Он понимал. Выскочив из дому в спортивных штанах и домашних шлепках, Василий Иванович прыгнул за руль своей машины и бросился к сестре. Он летел как сумасшедший, он нарушил все правила движения, он испугал охранника в вестибюле, послав его подальше в ответ на просьбу зарегистрироваться в книге посещений. Он чуть не выбил двери еле ползущего лифта. Но он опоздал.

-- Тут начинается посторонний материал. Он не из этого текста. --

lemma dvip_young:
  assumes "\<forall>z\<in>S. beta z > 0"
  shows "2 * dvip S beta v w \<le> dvip S beta v v + dvip S beta w w"
  unfolding dvip_def sum_distrib_left sum.distrib[symmetric]
proof (rule sum_mono)
  fix z assume "z \<in> S"
  then have "beta z > 0" using assms by blast
  moreover have "2 * (v z \<bullet> w z) \<le> v z \<bullet> v z + w z \<bullet> w z"
    using inner_ge_zero[of "v z - w z"] by (simp add: inner_diff_left inner_diff_right inner_commute)
  ultimately show "2 * (beta z * (v z \<bullet> w z)) \<le> beta z * (v z \<bullet> v z) + beta z * (w z \<bullet> w z)"
    by (simp flip: distrib_left)
qed

lemma dvip_diff_right: "dvip S beta w (\<lambda>z. v z - v' z) = dvip S beta w v - dvip S beta w v'"
  unfolding dvip_def by (simp add: inner_diff_right algebra_simps sum_subtractf)

lemma dvip_linear_right:
  "dvip S beta w (\<lambda>z. a *\<^sub>R v z + b *\<^sub>R v' z) = a * dvip S beta w v + b * dvip S beta w v'"
  unfolding dvip_def by (simp add: inner_add_right algebra_simps sum.distrib sum_distrib_left)

lemma dvip_midpoint_diff:
  "dvip S beta (\<lambda>z. (1/2) *\<^sub>R (v z + w z)) (\<lambda>z. v z - w z)
    = 1/2 * dvip S beta v v - 1/2 * dvip S beta w w"
  unfolding dvip_def
  by (simp add: inner_add_left inner_diff_right inner_commute sum_subtractf sum_distrib_left
      algebra_simps)

lemma dvip_eq_on_nodes:
  assumes "finite S" and "\<forall>z\<in>S. beta z > 0"
    and "\<And>w. dvip S beta w v = dvip S beta w v'" and "z \<in> S"
  shows "v z = v' z"
proof -
  let ?d = "\<lambda>z. v z - v' z"
  have "dvip S beta ?d ?d = dvip S beta ?d v - dvip S beta ?d v'"
    by (rule dvip_diff_right)
  then have "(\<Sum>y\<in>S. beta y * (?d y \<bullet> ?d y)) = 0"
    using assms(3) unfolding dvip_def by simp
  then have "beta z * (?d z \<bullet> ?d z) = 0"
    using assms by (subst (asm) sum_nonneg_eq_0_iff) (auto simp: less_imp_le)
  moreover have "beta z > 0" using assms(2,4) by blast
  ultimately show ?thesis by simp
qed

section \<open>Discrete calculus from summation by parts\<close>

locale disc_calculus =
  fixes S :: "(real^'d) set" and beta :: "'d gfun"
    and grad :: "'d gfun \<Rightarrow> 'd vfun" and dv :: "'d vfun \<Rightarrow> 'd gfun"
  assumes setting: "disc_setting S beta grad dv"
begin


lemma finite_nodes: "finite S"
  using setting unfolding disc_setting_def by blast

lemma weights_pos: "\<forall>z\<in>S. beta z > 0"
  using setting unfolding disc_setting_def by blast

lemma summation_by_parts: "dvip S beta w (grad v) = - dip S beta (dv w) v"
  using setting unfolding disc_setting_def by simp

lemma grad_one: "z \<in> S \<Longrightarrow> grad (\<lambda>_. 1) z = 0"
  using setting unfolding disc_setting_def by blast

text \<open>Linearity and locality of \<open>grad\<close> are not assumed: they follow from summation by
  parts, because the weighted inner product is nondegenerate on the nodes.\<close>

lemma grad_eq_on_nodes:
  assumes "\<And>w. dip S beta (dv w) u = dip S beta (dv w) v" and "z \<in> S"
  shows "grad u z = grad v z"
  using dvip_eq_on_nodes[OF finite_nodes weights_pos _ assms(2)] assms(1)
  by (simp add: summation_by_parts)

lemma grad_cong: "(\<And>y. y \<in> S \<Longrightarrow> u y = v y) \<Longrightarrow> z \<in> S \<Longrightarrow> grad u z = grad v z"
  by (rule grad_eq_on_nodes) (auto intro: dip_cong)

lemma grad_linear:
  assumes "z \<in> S"
  shows "grad (\<lambda>y. a * u y + b * v y) z = a *\<^sub>R grad u z + b *\<^sub>R grad v z"
proof -
  have "dvip S beta w (grad (\<lambda>y. a * u y + b * v y))
      = dvip S beta w (\<lambda>z. a *\<^sub>R grad u z + b *\<^sub>R grad v z)" for w
    unfolding summation_by_parts dvip_linear_right
    by (simp add: dip_commute[of _ _ "dv w"] dip_add_left dip_mult_left)
  from dvip_eq_on_nodes[OF finite_nodes weights_pos this assms] show ?thesis by simp
qed
(* Let $G=(V,E)$ be an unweighted, undirected simple graph on $n$ vertices, accessed only through cut queries. After performing $n$ initial cut queries, one can sample an edge of $E$ uniformly at random using $O(\log n)$ additional cut queries. In particular, $k$ independent uniformly random edges can be drawn using $n+O(k\log n)$ cut queries in total.
   Context: A cut query takes a set $S\subseteq V$ and returns $c(S)$, the number of edges of $G$ with exactly one endpoint in $S$. *)

theory Defs
  imports "HOL-Probability.Probability"
begin

definition simple_graph :: "'v set \<Rightarrow> 'v set set \<Rightarrow> bool" where
  "simple_graph V E \<longleftrightarrow> (\<forall>e\<in>E. e \<subseteq> V \<and> card e = 2)"

definition cut :: "'v set set \<Rightarrow> 'v set \<Rightarrow> nat" where
  "cut E S = card {e \<in> E. card (e \<inter> S) = 1}"

text \<open>Randomized adaptive cut-query algorithms: a query asks a set S and branches
  on the answer; a random step draws a value from a (graph-independent) distribution.\<close>
datatype ('v, 'a) qalg =
    Return 'a
  | Query "'v set" "nat \<Rightarrow> ('v, 'a) qalg"
  | Rand "nat pmf" "nat \<Rightarrow> ('v, 'a) qalg"

primrec run :: "('v set \<Rightarrow> nat) \<Rightarrow> ('v, 'a) qalg \<Rightarrow> 'a pmf" where
  "run c (Return x) = return_pmf x"
| "run c (Query S f) = run c (f (c S))"
| "run c (Rand p f) = bind_pmf p (\<lambda>r. run c (f r))"
(* In the setup described in the context, for all vector fields $x,y$, $$\tilde\rho(x,y)=\rho(x,y)+\tfrac18(3\tilde\tau^*+\tilde\tau-3\tau-\tau^* )\,g(x,y)+\tfrac18(3\tilde\tau+\tilde\tau^*-3\tau^*-\tau)\,\tilde g(x,y).$$
   Context: Let $M$ be a 3-dimensional smooth manifold. Fix a coordinate chart $(x^1,x^2,x^3)$ with coordinate vector fields $\partial_i$. Structures: - $g$ is a Riemannian metric with $g(\partial_1,\partial_1)=g(\partial_2,\partial_2)=A$, $g(\partial_3,\partial_3)=B$ and $g(\partial_i,\partial_j)=0$ for $i\ne j$. Here $A,B$ are smooth positive functions. - $Q$ is the $(1,1)$-tensor field with $Q\partial_1=\partial_2$, $Q\partial_2=-\partial_1$, $Q\partial_3=\partial_3$. - $P=Q^2$. - $\tilde g(x,y)=g(x,Py)$ is the associated indefinite metric, with components $\mathrm{diag}(-A,-A,B)$. Connections and curvature: - $\nabla$ and $\tilde\nabla$ are the Levi-Civita connections of $g$ and $\tilde g$. - $R(x,y)z=\nabla_x\nabla_yz-\nabla_y\nabla_xz-\nabla_{[x,y]}z$ and $R(x,y,z,t)=g(R(x,y)z,t)$. Analogously $\tilde R$ is built from $\tilde\nabla$, with $\tilde R(x,y,z,t)=\tilde g(\tilde R(x,y)z,t)$. Ricci tensors and scalar quantities ($\{e_i\}$ a basis; $g^{ij}$ and $\tilde g^{ij}$ are the inverse matrices of $g_{ij}$ and $\tilde g_{ij}$): - $\rho(y,z)=g^{ij}R(e_i,y,z,e_j)$ and $\tau=g^{ij}\rho(e_i,e_j)$. - $\tilde\rho(y,z)=\tilde g^{ij}\tilde R(e_i,y,z,e_j)$ and $\tilde\tau=\tilde g^{ij}\tilde\rho(e_i,e_j)$. - $\tau^*=\tilde g^{ij}\rho(e_i,e_j)$ and $\tilde\tau^*=g^{ij}\tilde\rho(e_i,e_j)$. *)

theory Defs
  imports "HOL-Analysis.Analysis"
begin

text \<open>Local coordinates: points of the chart domain are vectors in real^3,
  coordinate index i :: 3, coordinate vector field partial_i = axis i 1.
  We take partial_1, partial_2, partial_3 to be the indices 1, 2, 3 of type 3.\<close>

type_synonym pt = "real^3"
type_synonym vf = "pt \<Rightarrow> real^3"
type_synonym mfield = "pt \<Rightarrow> real^3^3"

definition pd :: "3 \<Rightarrow> (pt \<Rightarrow> real) \<Rightarrow> pt \<Rightarrow> real" where
  "pd i f p = frechet_derivative f (at p) (axis i 1)"

fun ipd :: "3 list \<Rightarrow> (pt \<Rightarrow> real) \<Rightarrow> pt \<Rightarrow> real" where
  "ipd [] f = f"
| "ipd (i # is) f = pd i (ipd is f)"

definition smooth_on :: "pt set \<Rightarrow> (pt \<Rightarrow> real) \<Rightarrow> bool" where
  "smooth_on U f \<longleftrightarrow> (\<forall>is. \<forall>p\<in>U. ipd is f differentiable (at p))"

definition smooth_vf :: "pt set \<Rightarrow> vf \<Rightarrow> bool" where
  "smooth_vf U X \<longleftrightarrow> (\<forall>k. smooth_on U (\<lambda>q. X q $ k))"

definition coord :: "3 \<Rightarrow> vf" where
  "coord i = (\<lambda>q. axis i 1)"

definition metric :: "mfield \<Rightarrow> vf \<Rightarrow> vf \<Rightarrow> pt \<Rightarrow> real" where
  "metric G X Y p = X p \<bullet> (G p *v Y p)"

definition ginv :: "mfield \<Rightarrow> pt \<Rightarrow> real^3^3" where
  "ginv G p = matrix_inv (G p)"

definition christ :: "mfield \<Rightarrow> 3 \<Rightarrow> 3 \<Rightarrow> 3 \<Rightarrow> pt \<Rightarrow> real" where
  "christ G k i j p = (1/2) * (\<Sum>l\<in>UNIV. ginv G p $ k $ l *
     (pd i (\<lambda>q. G q $ j $ l) p + pd j (\<lambda>q. G q $ i $ l) p - pd l (\<lambda>q. G q $ i $ j) p))"

definition cov :: "mfield \<Rightarrow> vf \<Rightarrow> vf \<Rightarrow> vf" where
  "cov G X Y = (\<lambda>p. \<chi> k. \<Sum>i\<in>UNIV. X p $ i *
     (pd i (\<lambda>q. Y q $ k) p + (\<Sum>j\<in>UNIV. christ G k i j p * Y p $ j)))"
(* Let $\mathbf{F}$ be a three-dimensional Euclidean space with inner product $\langle\cdot,\cdot\rangle$, let $Z\in\mathbf{F}$ be a unit vector and $R>0$. Let $B$ be the sphere of radius $R$ centered at the origin, and $\mathbf{E}=\{q\in\mathbf{F}:\langle Z,q\rangle=R\}$ the plane tangent to $B$ at $O=RZ$. For $q\in B$ put $h=\langle Z,q\rangle/R$, $Z_B=Z-\frac{h}{R}q$, and $b(q)=R^{-2}(1-h^2)^{-3/2}$. Consider a particle of unit mass moving on $B$, in the open hemisphere $\{h>0\}$ minus the point $O$, according to the spherical Kepler problem, i.e. $\ddot q=b(q)\,Z_B+\lambda q$ with $\lambda$ the scalar (depending on $q,\dot q$, possibly $t$) that keeps $q$ on $B$. Its energy is $$\mathcal{E}=\tfrac12\|\dot q\|^2+U(q),\qquad U(q)=-\frac{h}{R\sqrt{1-h^2}}.$$ Let $q_{\mathbf{E}}=q/h\in\mathbf{E}$ be the central projection, $Q=q_{\mathbf{E}}-RZ$, and $\tau$ the time defined by $d\tau=h^{-2}\,dt$. Then $Q$ satisfies $\frac{d^2Q}{d\tau^2}=-\|Q\|^{-3}Q$; suppose that its orbit is an ellipse with semi-major axis $a$ and eccentricity $e$. Then $$\mathcal{E}=-\frac{1}{2a}+\frac{a(1-e^2)}{2R^2}.$$
   Context: Dots denote derivatives with respect to the original time $t$. The Kepler problem in the plane $\mathbf{E}$ (with attracting center $O$ and unit masses) has energy $E=\frac12\|dQ/d\tau\|^2-\frac1{\|Q\|}$; for an elliptic orbit with semi-major axis $a$ and eccentricity $e$ one has $E=-\frac1{2a}$ and squared angular momentum $\|Q\times dQ/d\tau\|^2=a(1-e^2)$. *)

theory Defs
  imports "HOL-Analysis.Analysis"
begin
function naf_weight :: "int \<Rightarrow> nat" where
  "naf_weight x =
     (if x = 0 then 0 else if even x then naf_weight (naf_step x) else Suc (naf_weight (naf_step x)))"
  by auto
termination by (relation "Wellfounded.measure (\<lambda>x. nat \<bar>x\<bar>)") (auto dest: abs_naf_step_less)

(* Horner's rule in BS(1,2): t (y, 0) t^-1 = (2 y, 0), so (x, 0) = a^d t (naf_step x, 0) t^-1. *)
function naf_word :: "int \<Rightarrow> bs list" where
  "naf_word x = (if x = 0 then [] else
     (if even x then [] else [(of_int (naf_digit x), 0)]) @ [(0, 1)] @ naf_word (naf_step x) @ [(0, -1)])"
  by auto
termination by (relation "Wellfounded.measure (\<lambda>x. nat \<bar>x\<bar>)") (auto dest: abs_naf_step_less)

declare naf_length.simps [simp del] naf_weight.simps [simp del] naf_word.simps [simp del]

lemma naf_step_double [simp]: "naf_step (2 * y) = y"
  by (simp add: naf_step_def naf_digit_def)

lemma naf_digit_4_plus_1 [simp]: "naf_digit (4 * y + 1) = 1"
  and naf_digit_4_minus_1 [simp]: "naf_digit (4 * y - 1) = -1"
  unfolding naf_digit_def by presburger+

lemma naf_step_4_plus_1 [simp]: "naf_step (4 * y + 1) = 2 * y"
  and naf_step_4_minus_1 [simp]: "naf_step (4 * y - 1) = 2 * y"
  unfolding naf_step_def by simp_all

lemma odd_4_plus_1 [simp]: "odd (4 * y + 1 :: int)"
  and odd_4_minus_1 [simp]: "odd (4 * y - 1 :: int)"
  and four_mult_plus_1_neq_0 [simp]: "4 * y + 1 \<noteq> (0 :: int)"
  and four_mult_neq_1 [simp]: "4 * y \<noteq> (1 :: int)"
  by presburger+

lemma naf_length_0 [simp]: "naf_length 0 = 0"
  and naf_weight_0 [simp]: "naf_weight 0 = 0"
  and naf_word_0 [simp]: "naf_word 0 = []"
  by (simp_all add: naf_length.simps naf_weight.simps naf_word.simps)

lemma naf_length_double: "y \<noteq> 0 \<Longrightarrow> naf_length (2 * y) = Suc (naf_length y)"
  and naf_weight_double [simp]: "naf_weight (2 * y) = naf_weight y"
  and naf_word_double: "y \<noteq> 0 \<Longrightarrow> naf_word (2 * y) = (0, 1) # naf_word y @ [(0, -1)]"
  by (simp_all add: naf_length.simps[of "2 * y"] naf_weight.simps[of "2 * y"] naf_word.simps[of "2 * y"])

Тело Инны лежало на полу кухни рядом с колонной. Все, что мог сделать ее брат, – это сохранить на ноже мои отпечатки пальцев.
Потом, уже после приезда опергруппы и милиции, Дмитриев заплатил охраннику на первом этаже за неожиданную поломку видеокамеры, которая привела к потере информации о входящих и выходящих из дома людях. Запись в журнале тоже переправилась на счет три.
– Завтра я вернусь, дорогая моя Наталья Вячеславовна, – устало объявил мне Дмитриев, завершив исповедоваться. – Я получу либо деньги, либо тебя. Если честно, я даже с большим удовольствием произведу арест. Инка бы хотела именно этого.
Глава 20
Не могу сказать, сколько времени я просидела одна в своем кабинете, не меняя позы, не думая ни о чем. Что я чувствовала – не знаю. Пожалуй, ничего. Я вяло решила, что надо позвонить Саше. Оставить, так сказать, прощальные пожелания по поводу Варьки. Теперь Варвара будет на его попечении. А нам надо в институт поступать, меньше года осталось. Потом я поеду домой, чтобы поговорить с дочерью. Мне надо рассказать ей все, объяснить каждый свой поступок, каждый поступок Инны. Она не должна испытывать чувство вины за то, что ее мать сидит в тюрьме. Она вообще должна уехать отсюда как можно скорее. Надо и это сказать Сашке. Позвонить маме…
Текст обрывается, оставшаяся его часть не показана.